Assignment
Work through the data below and copy out every line where "lemma" is found.

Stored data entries
▼
definition pinv :: "nat \<Rightarrow> (nat \<Rightarrow> nat \<Rightarrow> ereal) \<Rightarrow> nat \<Rightarrow> nat \<Rightarrow> ereal" where
  "pinv n A i j = adj_eps n A i j - det_eps n A"

definition is_solution :: "nat \<Rightarrow> (nat \<Rightarrow> nat \<Rightarrow> ereal) \<Rightarrow> (nat \<Rightarrow> ereal) \<Rightarrow> (nat \<Rightarrow> ereal) \<Rightarrow> bool" where
  "is_solution n A b X \<longleftrightarrow> mp_vec n X \<and> (\<forall>i<n. mp_mult_vec n A X i = b i)"

definition is_maximal_solution :: "nat \<Rightarrow> (nat \<Rightarrow> nat \<Rightarrow> ereal) \<Rightarrow> (nat \<Rightarrow> ereal) \<Rightarrow> (nat \<Rightarrow> ereal) \<Rightarrow> bool" where
  "is_maximal_solution n A b Xs \<longleftrightarrow> is_solution n A b Xs \<and>
     (\<forall>X. is_solution n A b X \<longrightarrow> (\<forall>i<n. X i \<le> Xs i))"

end

theory Submission
  imports Defs
begin

text \<open>Let P = A^- and y = P b. Associativity of the max-plus product gives
  (A y)_i = max_j ((A P)_ij + b_j), so the hypothesis on A P says exactly A y \<le> b.
  The reverse inequality A y \<ge> b and the maximality of y both follow from one fact:
  for a permutation \<sigma> realising det_\<epsilon>(A), expanding along row i gives
  det_\<epsilon>(A) \<le> a_i\<sigma>(i) + adj_\<epsilon>(A)_\<sigma>(i)i, i.e. a_i\<sigma>(i) + p_\<sigma>(i)i \<ge> 0.
  Hence every diagonal position of both A P and P A carries a nonnegative term.\<close>

definition unskip :: "nat \<Rightarrow> nat \<Rightarrow> nat" where
  "unskip j m = (if m < j then m else m - 1)"

lemma bij_betw_skip:
  assumes "i < n"
  shows "bij_betw (skip i) {..<n-1} ({..<n}-{i})"
  by (rule bij_betw_byWitness[where f'="unskip i"])
     (use assms in \<open>auto simp: skip_def unskip_def split: if_splits\<close>)

lemma bij_betw_unskip:
  assumes "j < n"
  shows "bij_betw (unskip j) ({..<n}-{j}) {..<n-1}"
  by (rule bij_betw_byWitness[where f'="skip j"])
     (use assms in \<open>auto simp: skip_def unskip_def split: if_splits\<close>)

lemma mp_mat_submat:
  assumes "mp_mat n A" "i < n" "j < n"
  shows "mp_mat (n-1) (submat A i j)"
  using assms by (auto simp: mp_mat_def submat_def skip_def)

lemma det_eps_attained:
  obtains \<sigma> where "\<sigma> permutes {..<n}" "det_eps n A = (\<Sum>i<n. A i (\<sigma> i))"
proof -
  have "det_eps n A \<in> (\<lambda>\<sigma>. \<Sum>i<n. A i (\<sigma> i)) ` {\<sigma>. \<sigma> permutes {..<n}}"
    unfolding det_eps_def
    by (rule Max_in) (use finite_permutations[of "{..<n}"] permutes_id[of "{..<n}"] in blast)+
  thus ?thesis using that by blast
qed

lemma det_eps_neq_PInf:
  assumes "mp_mat n A"
  shows "det_eps n A \<noteq> \<infinity>"
proof -
  obtain \<sigma> where \<sigma>: "\<sigma> permutes {..<n}" and det: "det_eps n A = (\<Sum>i<n. A i (\<sigma> i))"
    by (rule det_eps_attained)
  have "A i (\<sigma> i) \<noteq> \<infinity>" if "i < n" for i
    using assms that permutes_in_image[OF \<sigma>, of i] by (simp add: mp_mat_def in_S_def)
  thus ?thesis unfolding det by (simp add: sum_Pinfty)
qed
▲
Result below
lemma bij_betw_skip:
lemma bij_betw_unskip:
lemma mp_mat_submat:
lemma det_eps_attained:
lemma det_eps_neq_PInf:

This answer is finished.